Почему "бедная женщина"? – удивилась Алекса. Потому что она умерла молодой – во всяком случае, моложавой, – или потому, что она не могла жить во Франции? Артур, насколько она помнила, ненавидел Францию и в особенности французскую кухню. Если Присцилла обожала Францию, вряд ли она могла выбрать спутника жизни, менее способного разделить ее страсть.
– Сесилия, когда ты возвращаешься в Африку? – спросил Эммет. От кого-либо другого этот вопрос прозвучал бы грубо, но манеры Эммета, вкупе с его клерикальной одеждой, придавали ему вид простака, чьи вопросы всегда лишь невинны и непосредственны.
– Надеюсь, скоро, Эм. Как только смогу.
– Конечно, ты не приносишь там никакого добра. Бесполезно просто п о м о г а т ь людям, не организуя их для борьбы с угнетателями. Им следовало бы выступить маршем против империализма и колониализма, вместо того, чтобы позволять кормить себя с ложечки.
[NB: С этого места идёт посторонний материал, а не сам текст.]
(* The following statement is false: for all integers $m>a\geq0$ and $n>b\geq0$, an erasure pattern $\mathcal{E}\subseteq[m]\times[n]$ is correctable in the topology $T_{m\times n}(a,b,0)$ if and only if it is regular.
   Context: Positions of vectors in $\mathbb{F}^{mn}$ are identified with $[m]\times[n]$, $[k]=\{1,\dots,k\}$. For linear codes $\mathcal{C}_1\subseteq\mathbb{F}^m,\mathcal{C}_2\subseteq\mathbb{F}^n$, $\mathcal{C}_1\otimes\mathcal{C}_2$ is the row span of the Kronecker product of their generator matrices. A code for the topology $T_{m\times n}(a,b,0)$ is a linear code over a finite field $\mathbb{F}$ whose parity-check matrix is a parity-check matrix of $\mathcal{C}_{\mathsf{col}}\otimes\mathcal{C}_{\mathsf{row}}$, where $\mathcal{C}_{\mathsf{col}}$ is a linear $[m,\geq m-a]$ code and $\mathcal{C}_{\mathsf{row}}$ a linear $[n,\geq n-b]$ code over $\mathbb{F}$; $\mathbb{C}_{m\times n}(a,b,0)$ is the set of these codes (over any finite field). A code corrects an erasure pattern $\mathcal{E}$ if no two distinct codewords agree on all positions outside $\mathcal{E}$; $\mathcal{E}$ is correctable in $T_{m\times n}(a,b,0)$ if some code in $\mathbb{C}_{m\times n}(a,b,0)$ corrects it. An erasure pattern $\mathcal{E}\subseteq[m]\times[n]$ is regular if for all $\mathcal{U}\subseteq[m]$ with $|\mathcal{U}|=u\geq a$ and all $\mathcal{V}\subseteq[n]$ with $|\mathcal{V}|=v\geq b$ one has $|\mathcal{E}\cap(\mathcal{U}\times\mathcal{V})|\leq va+ub-ab$. *)

theory Defs
  imports "HOL-Algebra.Ring"
begin

definition gen_matrix :: "'b ring \<Rightarrow> 'r set \<Rightarrow> 'p set \<Rightarrow> ('r \<Rightarrow> 'p \<Rightarrow> 'b) \<Rightarrow> bool" where
  "gen_matrix R K P G \<longleftrightarrow> finite K \<and> finite P \<and>
     (\<forall>i\<in>K. \<forall>j\<in>P. G i j \<in> carrier R) \<and>
     (\<forall>c. c \<in> K \<rightarrow> carrier R \<longrightarrow>
          (\<forall>j\<in>P. (\<Oplus>\<^bsub>R\<^esub> i\<in>K. c i \<otimes>\<^bsub>R\<^esub> G i j) = \<zero>\<^bsub>R\<^esub>) \<longrightarrow>
          (\<forall>i\<in>K. c i = \<zero>\<^bsub>R\<^esub>))"

definition row_span :: "'b ring \<Rightarrow> 'r set \<Rightarrow> 'p set \<Rightarrow> ('r \<Rightarrow> 'p \<Rightarrow> 'b) \<Rightarrow> ('p \<Rightarrow> 'b) set" where
  "row_span R K P G = {(\<lambda>j\<in>P. (\<Oplus>\<^bsub>R\<^esub> i\<in>K. c i \<otimes>\<^bsub>R\<^esub> G i j)) | c. c \<in> K \<rightarrow> carrier R}"

definition kron :: "'b ring \<Rightarrow> ('r \<Rightarrow> 'p \<Rightarrow> 'b) \<Rightarrow> ('s \<Rightarrow> 'q \<Rightarrow> 'b) \<Rightarrow> ('r \<times> 's \<Rightarrow> 'p \<times> 'q \<Rightarrow> 'b)" where
  "kron R G1 G2 = (\<lambda>(i1, i2) (r, s). G1 i1 r \<otimes>\<^bsub>R\<^esub> G2 i2 s)"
– Большинство из них слишком слабы, чтобы стоять, Эм, не то, что маршировать. И п р о т и в кого им устраивать демонстрации? Они уже получили антиколониальное, антиимпериалистическое, черное правительство, и оно заморило их голодом. Попросту говоря, ты ничего об этом не знаешь.
– Я знаю, что такое несправедливость.
– Сомневаюсь… В любом случае, ты ничего не знаешь об Африке.
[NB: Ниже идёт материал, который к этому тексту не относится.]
lemma code_gen_reindex:
  assumes bij: "bij_betw \<sigma> {..<N} {..<N}"
    and M: "\<forall>i<N. \<forall>j<n. M i j = M' (\<sigma> i) j"
  shows "code_gen S N n M = code_gen S N n M'"
proof
  show "code_gen S N n M \<subseteq> code_gen S N n M'"
    using bij M by (rule code_gen_reindex_subset)
  have "M' i j = M (inv_into {..<N} \<sigma> i) j" if "i < N" "j < n" for i j
    using that M bij bij_betw_apply[OF bij_betw_inv_into[OF bij]]
    by (simp add: bij_betw_inv_into_right)
  then show "code_gen S N n M' \<subseteq> code_gen S N n M"
    using bij_betw_inv_into[OF bij] by (intro code_gen_reindex_subset) auto
qed

lemma stack3_block:
  assumes "q < k" "r < 3"
  shows "stack3 k A B C (r * k + q) j = [A q j, B q j, C q j] ! r"
proof -
  from \<open>r < 3\<close> consider "r = 0" | "r = 1" | "r = 2"
    by linarith
  then show ?thesis
    by cases (use \<open>q < k\<close> in \<open>simp_all add: stack3_def\<close>)
qed

lemma stack3_eq_concat3:
  assumes "i < 3 * m"
  shows "stack3 m A B C i j = concat3 m (\<lambda>q. A q j) (\<lambda>q. B q j) (\<lambda>q. C q j) i"
  using assms by (simp add: stack3_def concat3_def)

lemma code_gen_cong:
  assumes "\<And>i j. i < N \<Longrightarrow> j < n \<Longrightarrow> M i j = M' i j"
  shows "code_gen S N n M = code_gen S N n M'"
  using assms by (intro code_gen_reindex[OF bij_betw_id]) simp

lemma code_D_eq_code_gen: "code_D S m ds = code_gen S m (length ds) (gen_matrix_D ds)"
  unfolding code_D_def code_gen_def gen_matrix_D_def by simp

lemma subfield_code_binary_decomposition:
  fixes \<omega> :: "'a::field"
  assumes char2: "CHAR('a) = 2" and root: "\<omega> ^ 3 + \<omega> + 1 = 0"
    and bin: "\<forall>i<k. \<forall>j<n. G1 i j \<in> F2 \<and> G2 i j \<in> F2 \<and> G3 i j \<in> F2"
    and dec: "\<forall>i<k. \<forall>j<n. G i j = G1 i j + \<omega> * G2 i j + \<omega> ^ 2 * G3 i j"
  shows "subfield_code [1, \<omega>, \<omega> ^ 2] k n G = code_gen F2 (3 * k) n (stack3 k G1 G3 G2)"
proof -
  have len: "length [1, \<omega>, \<omega> ^ 2] = 3"
    by simp
  have entries: "subfield_matrix [1, \<omega>, \<omega> ^ 2] G i j = stack3 k G1 G3 G2 ((i mod 3) * k + i div 3) j"
    if "i < 3 * k" "j < n" for i j
  proof -
    have q: "i div 3 < k" and r: "i mod 3 < 3"
      using that by auto
    have "subfield_matrix [1, \<omega>, \<omega> ^ 2] G i j = trace2 3 (G (i div 3) j * [1, \<omega>, \<omega> ^ 2] ! (i mod 3))"
      unfolding subfield_matrix_def len ..
    also have "\<dots> = [G1 (i div 3) j, G3 (i div 3) j, G2 (i div 3) j] ! (i mod 3)"
      using bin dec q \<open>j < n\<close> trace2_binary_coordinates[OF char2 root _ _ _ r] by simp
    also have "\<dots> = stack3 k G1 G3 G2 ((i mod 3) * k + i div 3) j"
      by (rule stack3_block[OF q r, symmetric])
    finally show ?thesis .
  qed
  have "code_gen F2 (3 * k) n (subfield_matrix [1, \<omega>, \<omega> ^ 2] G) = code_gen F2 (3 * k) n (stack3 k G1 G3 G2)"
    using entries by (intro code_gen_reindex[OF bij_interleaved_to_blocks]) auto
  then show ?thesis
    unfolding subfield_code_def len .
qed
– Дядя Эдвард любил Африку, – сказала миссис Баннермэн, с ее обычной манерой оборачивать каждую тему в русло семейной. – Он полжизни провел на сафари. Туземцы его обожали. Кажется, они назвали в его честь озеро, или водопад, я уже забыла что. Полагаю, сейчас все изменилось. – она кивнула дворецкому, чтобы тарелки с остывшим супом унесли. – Все погубили миссионеры, – мрачно произнесла она. – Во всяком случае, так считал Эдвард.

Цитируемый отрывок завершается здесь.